Damn bro are you serious???? That gots to be very frustratring but you never know I keep hearing work is about to start picking up soon......who knows maybe youll be in sooner than expected!!!


----------



## gtelles

yea sucks, but i think i did pretty well on the interview having no schooling or construction related experience. its crazy that a 3.5 is the difference between 60 and 430


----------



## Hopeful11

I'm more worried about "IF" we get called lol. I talked to ETI the day the list was updated and she said that some apprentices are out of work right now. So ya, hopefully it actually really does pick up in the future, otherwise we may not get in, or at least not for a very long time....bummer


----------



## Devan1987

I just got my letter today from my oral interview i scored an 81.5 and there are 271 people with a higher score and 33 with the same. Im hoping it picks up also.


----------



## abeortega21

Damn list got updated again today I am at 85 place with 28 with the same score.....I'm starting to get a little concern cause I keep getting bumped down and still no boot camp class schedule yet according to the ETI receptionist.......so I guess work is not picking up anytime soon.....we are screwed for a while and I mean a big while...........


----------



## big2bird

abeortega21 said:


> Damn list got updated again today I am at 85 place with 28 with the same score.....I'm starting to get a little concern cause I keep getting bumped down and still no boot camp class schedule yet according to the ETI receptionist.......so I guess work is not picking up anytime soon.....we are screwed for a while and I mean a big while...........


Don't be. LU 11 has 5 years worth of work on the books. Just be patient.


----------



## abeortega21

Thanks a lot brother very encouraging words but all this waiting is killing me...lol....nah but yeah I guess I just gots to ride all this waiting period out....cant wait to work!!! Thanks again...


----------



## Devan1987

I just checked my POE I got bumped down 28 spots and 7 more people with same score. I really hope work starts picking up soon I would like to see my number go down not up.


----------



## abeortega21

It keeps getting worse.....list got updated again twice in two weeks now. Im at 98 with 33 with the same score.......I think im gonna settle for non-union job instead cause if I wait I might not even get in, in these two years of having to wait to re apply. ......good luck to all of you that are in the same situation as me.....


----------



## M.A.R

abeortega21 said:


> It keeps getting worse.....list got updated again twice in two weeks now.

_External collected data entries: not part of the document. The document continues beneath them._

lemma affine_constraints_on_unit_interval:
  fixes a b :: "'i \<Rightarrow> real"
  assumes I: "finite I" and start: "\<And>i. i \<in> I \<Longrightarrow> c \<le> a i"
    and not_tight: "\<And>\<alpha> i. 0 \<le> \<alpha> \<Longrightarrow> \<alpha> \<le> 1 \<Longrightarrow> (\<forall>j\<in>I. c \<le> a j + \<alpha> * b j)
        \<Longrightarrow> i \<in> I \<Longrightarrow> b i < 0 \<Longrightarrow> c < a i + \<alpha> * b i"
    and alpha: "0 \<le> \<alpha>" "\<alpha> \<le> 1" and i: "i \<in> I"
  shows "c \<le> a i + \<alpha> * b i"
proof -
  have between: "c \<le> a k + t * b k" if "c \<le> a k" "c \<le> a k + b k" "0 \<le> t" "t \<le> 1" for k t
  proof -
    have "t * c \<le> t * (a k + b k)" "(1 - t) * c \<le> (1 - t) * a k"
      using that by (simp_all add: mult_left_mono)
    then show ?thesis
      by (simp add: algebra_simps)
  qed
  have "\<forall>j\<in>I. c \<le> a j + b j"
  proof (rule ccontr)
    define J where "J = {j\<in>I. a j + b j < c}"
    define r where "r j = (a j - c) / (- b j)" for j
    assume "\<not> (\<forall>j\<in>I. c \<le> a j + b j)"
    then have J: "finite J" "J \<noteq> {}"
      using I by (auto simp: J_def)
    have b_neg: "b j < 0" and r: "0 \<le> r j" "r j < 1" if "j \<in> J" for j
      using that start[of j] by (auto simp: J_def r_def field_simps)
    \<comment> \<open>The first crossing of the level c along the segment.\<close>
    define \<alpha>' where "\<alpha>' = Min (r ` J)"
    have "\<alpha>' \<in> r ` J"
      using J by (simp add: \<alpha>'_def)
    then obtain j where j: "j \<in> J" "\<alpha>' = r j"
      by blast
    have \<alpha>': "0 \<le> \<alpha>'" "\<alpha>' \<le> 1"
      using r[OF j(1)] j(2) by auto
    have "c \<le> a k + \<alpha>' * b k" if k: "k \<in> I" for k
    proof (cases "k \<in> J")
      case True
      then have "\<alpha>' \<le> r k"
        using J by (simp add: \<alpha>'_def)
      then show ?thesis
        using b_neg[OF True] by (simp add: r_def field_simps)
    next
      case False
      then show ?thesis
        using k start[of k] \<alpha>' by (intro between) (auto simp: J_def)
    qed
    moreover have "a j + \<alpha>' * b j = c"
      using j b_neg[of j] by (simp add: r_def field_simps)
    ultimately show False
      using not_tight[OF \<alpha>'] j b_neg[of j] by (auto simp: J_def)
  qed
  then show ?thesis
    using alpha i start[of i] by (intro between) auto
qed
lemma mult_div_bounds:
  fixes k p :: nat
  assumes "0 < k" "2 * k \<le> p"
  shows "k * (p div k) \<le> p" "p \<le> 2 * k * (p div k)"
proof -
  show "k * (p div k) \<le> p"
    by (metis div_times_less_eq_dividend mult.commute)
  have "2 \<le> p div k"
    using div_le_mono[of "2 * k" p k] assms by simp
  have "p = k * (p div k) + p mod k"
    by simp
  moreover have "p mod k < k"
    using assms(1) by simp
  moreover have "k \<le> k * (p div k)"
    using \<open>2 \<le> p div k\<close> by simp
  ultimately show "p \<le> 2 * k * (p div k)"
    by linarith
qed

(* Spacing the blocks 2U apart keeps the sum of two offsets from carrying into the next block. *)
definition blow_up :: "nat \<Rightarrow> nat set \<Rightarrow> nat set" where
  "blow_up U S = (\<lambda>(s, u). 2 * U * s + u) ` (S \<times> {..<U})"

lemma card_blow_up:
  assumes "finite S"
  shows "card (blow_up U S) = card S * U"
proof -
  have "inj_on (\<lambda>(s, u). 2 * U * s + u) (S \<times> {..<U})"
  proof (rule inj_onI, clarify)
    fix s u s' u' assume "u < U" "u' < U" "2 * U * s + u = 2 * U * s' + u'"
    then have "(2 * U * s + u) div (2 * U) = (2 * U * s' + u') div (2 * U)"
      and "(2 * U * s + u) mod (2 * U) = (2 * U * s' + u') mod (2 * U)"
      by simp_all
    with \<open>u < U\<close> \<open>u' < U\<close> show "s = s' \<and> u = u'"
      by simp
  qed
  then show ?thesis
    unfolding blow_up_def by (simp add: card_image card_cartesian_product)
qed

lemma blow_up_bound:
  assumes "S \<subseteq> {0..<m}" "t \<in> blow_up U S"
  shows "2 * t < 4 * m * U"
proof -
  obtain s u where "s < m" "u < U" "t = 2 * U * s + u"
    using assms unfolding blow_up_def by auto
  moreover have "2 * U * (s + 1) \<le> 2 * U * m"
    using \<open>s < m\<close> by (intro mult_le_mono2) simp
  ultimately show ?thesis
    by (simp add: algebra_simps)
qed
lemma card_ball_I_Int_le_of_iso:
  fixes g :: "'a::{field,finite} ^ 'n \<Rightarrow> 'a ^ 'n"
  assumes g: "Vector_Spaces.linear (*s) (*s) g" "inj g"
    and Grass: "U1 \<in> Grass r" "V1 \<in> Grass r" "U2 \<in> Grass r" "V2 \<in> Grass r"
    and images: "g ` U1 = U2" "g ` V1 = V2"
  shows "card (ball_I r u U1 \<inter> ball_I r s V1) \<le> card (ball_I r u U2 \<inter> ball_I r s V2)"
proof (rule card_inj_on_le[of "image g"])
  show "inj_on (image g) (ball_I r u U1 \<inter> ball_I r s V1)"
    using g(2) by (simp add: inj_on_def inj_image_eq_iff)
  have dims: "vec.dim (X \<inter> g ` W) = vec.dim (Y \<inter> W)" if "g ` Y = X" for X Y W
    using that image_Int[OF g(2), of Y W] dim_image_inj[OF g, of "Y \<inter> W"] by simp
  show "image g ` (ball_I r u U1 \<inter> ball_I r s V1) \<subseteq> ball_I r u U2 \<inter> ball_I r s V2"
  proof
    fix X assume "X \<in> image g ` (ball_I r u U1 \<inter> ball_I r s V1)"
    then obtain W where "X = g ` W" "W \<in> ball_I r u U1" "W \<in> ball_I r s V1" by auto
    then show "X \<in> ball_I r u U2 \<inter> ball_I r s V2"
      using dims[OF images(1), of W] dims[OF images(2), of W] image_Grass[OF g]
      by (simp add: mem_ball_I_iff Grass)
  qed
qed (rule finite_set_of_subspaces)

lemma card_ball_I_Int_le_of_dim_Int_eq:
  fixes U1 V1 U2 V2 :: "('a::{field,finite} ^ 'n) set"
  assumes Grass: "U1 \<in> Grass r" "V1 \<in> Grass r" "U2 \<in> Grass r" "V2 \<in> Grass r"
    and eq: "vec.dim (U1 \<inter> V1) = vec.dim (U2 \<inter> V2)"
  shows "card (ball_I r u U1 \<inter> ball_I r s V1) \<le> card (ball_I r u U2 \<inter> ball_I r s V2)"
proof -
  obtain g where "Vector_Spaces.linear (*s) (*s) g" "inj g" "g ` U1 = U2" "g ` V1 = V2"
    using linear_iso_between_pairs[of U1 V1 U2 V2] Grass eq by (auto simp: Grass_def)
  then show ?thesis by (rule card_ball_I_Int_le_of_iso[OF _ _ Grass])
qed

section \<open>Moving \<open>V\<close> one step towards \<open>U\<close>\<close>

locale separating_functionals =
  alpha: Vector_Spaces.linear "(*s)" "(*)" \<alpha> + beta: Vector_Spaces.linear "(*s)" "(*)" \<beta>
  for \<alpha> \<beta> :: "'a::{field,finite} ^ 'n \<Rightarrow> 'a" +
  fixes U V :: "('a ^ 'n) set" and r :: nat and a b :: "'a ^ 'n"
  assumes U_Grass: "U \<in> Grass r" and V_Grass: "V \<in> Grass r"
    and a_in_U: "a \<in> U" and b_in_V: "b \<in> V"
    and alpha_V: "v \<in> V \<Longrightarrow> \<alpha> v = 0" and beta_U: "v \<in> U \<Longrightarrow> \<beta> v = 0"
    and alpha_a [simp]: "\<alpha> a = 1" and beta_b [simp]: "\<beta> b = 1"
begin

definition "U0 = {v\<in>U. \<alpha> v = 0}"
definition "V0 = {v\<in>V. \<beta> v = 0}"
definition "K = {v. \<alpha> v = 0 \<and> \<beta> v = 0}"
definition "V' = vec.span (insert a V0)"

lemma alpha_b [simp]: "\<alpha> b = 0" and beta_a [simp]: "\<beta> a = 0"
  using alpha_V[OF b_in_V] beta_U[OF a_in_U] .

lemma subspace_U: "vec.subspace U" and subspace_V: "vec.subspace V" and dim_V: "vec.dim V = r"
  using U_Grass V_Grass by (auto simp: Grass_def)

lemma subspace_U0: "vec.subspace U0"
  unfolding U0_def by (rule subspace_kernel_Int[OF subspace_U alpha.linear_axioms])

lemma subspace_V0: "vec.subspace V0"
  unfolding V0_def by (rule subspace_kernel_Int[OF subspace_V beta.linear_axioms])

lemma subspace_K: "vec.subspace K"
proof -
  have "K = {v. \<alpha> v = 0} \<inter> {v. \<beta> v = 0}" by (auto simp: K_def)
  then show ?thesis using vec.subspace_inter alpha.subspace_kernel beta.subspace_kernel by metis
qed

lemma mem_K_iff: "v \<in> K \<longleftrightarrow> \<alpha> v = 0 \<and> \<beta> v = 0"
  by (simp add: K_def)

lemma U0_subset_K: "U0 \<subseteq> K" and V0_subset_K: "V0 \<subseteq> K"
  and U0_subset_U: "U0 \<subseteq> U" and V0_subset_V: "V0 \<subseteq> V"
  using alpha_V beta_U by (auto simp: U0_def V0_def K_def)

lemma V0_eq: "V0 = V \<inter> K"
  using alpha_V by (auto simp: V0_def K_def)

lemma mem_V'_iff: "x \<in> V' \<longleftrightarrow> (\<exists>k. x - k *s a \<in> V0)"
  unfolding V'_def vec.span_breakdown_eq vec.span_eq_iff[THEN iffD2, OF subspace_V0] ..

lemma V0_subset_V': "V0 \<subseteq> V'" and a_in_V': "a \<in> V'"
  unfolding V'_def by (auto intro: vec.span_base)

lemma dim_V0: "vec.dim V0 + 1 = r"
proof -
  have "vec.dim V \<le> vec.dim V0 + 1"
    unfolding V0_def by (rule dim_le_Suc_dim_kernel[OF subspace_V beta.linear_axioms])
  moreover have "vec.dim V0 + 1 \<le> vec.dim V"
    by (rule dim_Suc_le_of_insert_subset[OF subspace_V0, of b]) (use b_in_V in \<open>auto simp: V0_def\<close>)
  ultimately show ?thesis using dim_V by simp
qed

lemma V'_Grass: "V' \<in> Grass r"
proof -
  have "a \<notin> vec.span V0"
    unfolding vec.span_eq_iff[THEN iffD2, OF subspace_V0] using V0_subset_K by (auto simp: mem_K_iff)
  then show ?thesis using dim_V0 by (simp add: V'_def Grass_def vec.dim_insert)
qed

lemma dim_U_Int_V': "vec.dim (U \<inter> V') = vec.dim (U \<inter> V) + 1"
proof -
  have "U \<inter> V \<subseteq> V0" using beta_U by (auto simp: V0_def)
  then have "vec.dim (U \<inter> V) + 1 \<le> vec.dim (U \<inter> V')"
    using a_in_U a_in_V' V0_subset_V' alpha_V[of a]
    by (intro dim_Suc_le_of_insert_subset[OF vec.subspace_inter[OF subspace_U subspace_V]]) auto
  moreover have "vec.dim (U \<inter> V') \<le> vec.dim {x\<in>U \<inter> V'. \<alpha> x = 0} + 1"
    using V'_Grass subspace_U
    by (intro dim_le_Suc_dim_kernel alpha.linear_axioms vec.subspace_inter) (auto simp: Grass_def)
  moreover have "{x\<in>U \<inter> V'. \<alpha> x = 0} \<subseteq> U \<inter> V"
  proof
    fix x assume x: "x \<in> {x\<in>U \<inter> V'. \<alpha> x = 0}"
    then obtain k where k: "x - k *s a \<in> V0" using mem_V'_iff by auto
    then have "k = 0" using x V0_subset_K by (auto simp: mem_K_iff alpha.diff alpha.scale)
    then show "x \<in> U \<inter> V" using k x V0_subset_V by auto
  qed
  then have "vec.dim {x\<in>U \<inter> V'. \<alpha> x = 0} \<le> vec.dim (U \<inter> V)" by (rule vec.dim_subset)
  ultimately show ?thesis by simp
qed

definition "exchange v = v + (\<beta> v - \<alpha> v) *s a + (\<alpha> v - \<beta> v) *s b"
definition "shear z v = v + (\<beta> v - \<alpha> v) *s z"

lemma alpha_exchange [simp]: "\<alpha> (exchange v) = \<beta> v"
  and beta_exchange [simp]: "\<beta> (exchange v) = \<alpha> v"
  by (simp_all add: exchange_def alpha.add alpha.diff alpha.scale beta.add beta.diff beta.scale)

lemma exchange_exchange [simp]: "exchange (exchange v) = v"
  by (simp add: exchange_def[of "exchange v"]) (simp add: exchange_def vec.scale_left_diff_distrib)

lemma exchange_K: "v \<in> K \<Longrightarrow> exchange v = v"
  by (simp add: exchange_def K_def)

lemma exchange_a: "exchange a = b"
  by (simp add: exchange_def)

lemma linear_exchange: "Vector_Spaces.linear (*s) (*s) exchange"
  by (rule linear_of_add_scale)
    (simp_all add: exchange_def alpha.add alpha.scale beta.add beta.scale algebra_simps)

lemma inj_exchange: "inj exchange"
  by (rule injI) (metis exchange_exchange)

lemma exchange_image_V': "exchange ` V' = V"
proof -
  have "exchange ` V0 = V0" using exchange_K V0_subset_K by (force simp: image_iff)
  then have "exchange ` V' = vec.span (insert b V0)"
    unfolding V'_def vec.linear_span_image[OF linear_exchange, symmetric] by (simp add: exchange_a)
  also have "\<dots> = V"
  proof (rule subset_antisym)
    show "vec.span (insert b V0) \<subseteq> V"
      by (rule vec.span_minimal[OF _ subspace_V]) (use b_in_V V0_subset_V in auto)
    show "V \<subseteq> vec.span (insert b V0)"
    proof
      fix v assume v: "v \<in> V"
      then have "v - \<beta> v *s b \<in> V0"
        using b_in_V by (simp add: V0_def vec.subspace_diff[OF subspace_V]
            vec.subspace_scale[OF subspace_V] beta.diff beta.scale)
      then show "v \<in> vec.span (insert b V0)"
        by (subst vec.span_breakdown_eq) (blast intro: vec.span_base)
    qed
  qed
  finally show ?thesis .
qed

lemma exchange_image_V: "exchange ` V = V'"
proof -
  have "exchange ` V = exchange ` exchange ` V'" by (simp add: exchange_image_V')
  also have "\<dots> = V'" by (simp add: image_comp comp_def)
  finally show ?thesis .
qed

lemma alpha_shear [simp]: "z \<in> K \<Longrightarrow> \<alpha> (shear z v) = \<alpha> v"
  and beta_shear [simp]: "z \<in> K \<Longrightarrow> \<beta> (shear z v) = \<beta> v"
  by (simp_all add: shear_def alpha.add alpha.diff alpha.scale beta.add beta.diff beta.scale K_def)

lemma shear_K: "v \<in> K \<Longrightarrow> shear z v = v"
  by (simp add: shear_def K_def)

lemma shear_uminus_shear: "z \<in> K \<Longrightarrow> shear (- z) (shear z v) = v"
  by (simp add: shear_def[of "- z"]) (simp add: shear_def)

lemma shear_uminus_image: "z \<in> K \<Longrightarrow> shear (- z) ` shear z ` W = W"
  by (simp add: image_comp comp_def shear_uminus_shear)

lemma linear_shear: "Vector_Spaces.linear (*s) (*s) (shear z)"
  by (rule linear_of_add_scale)
    (simp_all add: shear_def alpha.add alpha.scale beta.add beta.scale algebra_simps)

lemma inj_shear: "z \<in> K \<Longrightarrow> inj (shear z)"
  by (rule injI) (metis shear_uminus_shear)

lemma shear_image_Int_K:
  assumes z: "z \<in> K"
  shows "shear z ` W \<inter> K = W \<inter> K"
proof (intro set_eqI iffI)
  fix x assume "x \<in> shear z ` W \<inter> K"
  then obtain v where "v \<in> W" "x = shear z v" "x \<in> K" by auto
  then show "x \<in> W \<inter> K" using z by (auto simp: mem_K_iff shear_K)
next
  fix x assume "x \<in> W \<inter> K"
  then show "x \<in> shear z ` W \<inter> K" by (auto simp: shear_K intro: image_eqI[of x _ x])
qed

lemma shear_plus_a: "e \<in> K \<Longrightarrow> shear z (e + a) = (e - z) + a"
  by (simp add: shear_def alpha.add beta.add K_def algebra_simps)

lemma shear_plus_b: "g \<in> K \<Longrightarrow> shear z (g + b) = (g + z) + b"
  by (simp add: shear_def alpha.add beta.add K_def algebra_simps)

Im at 98 with 33 with the same score.......I think im gonna settle for non-union job instead cause if I wait I might not even get in, in these two years of having to wait to re apply. ......good luck to all of you that are in the same situation as me.....


A lot of folks apply to local 11, why don't you try local 440 and 477. Good luck


----------



## Devan1987

The list was updated yet again yesterday. Looks as if the list will just keep getting longer and longer. Since my original score 3 months ago i have gone from 271 with 35 people or so with the same score all the way to 370 with 45 with the same score. Whoever said to apply to 441. I did back in February of this year. Havent taken the test yet. There way of doing things is a lot different then IBEW 11. They have you fill out application and then you have to wait for them to schedule you for a test. Has anyone that applied to IBEW 11 this year seen there number go down yet or even better go to work??


----------



## shortcut

As of last Friday there was about 60 apprentices on the books waiting for work. They will call in a bootcamp from the poe list if those numbers dwindle down to where they can't fill a big call. In November, when I got in, it was to fill a solar call. A few months after that a bunch of lucky bastards got brought in to fill a Dodger stadium call. At 370 you probably will need to re-interview and get a higher score (unless a ton of work arises, say a stadium perhaps, which we are all hoping for!).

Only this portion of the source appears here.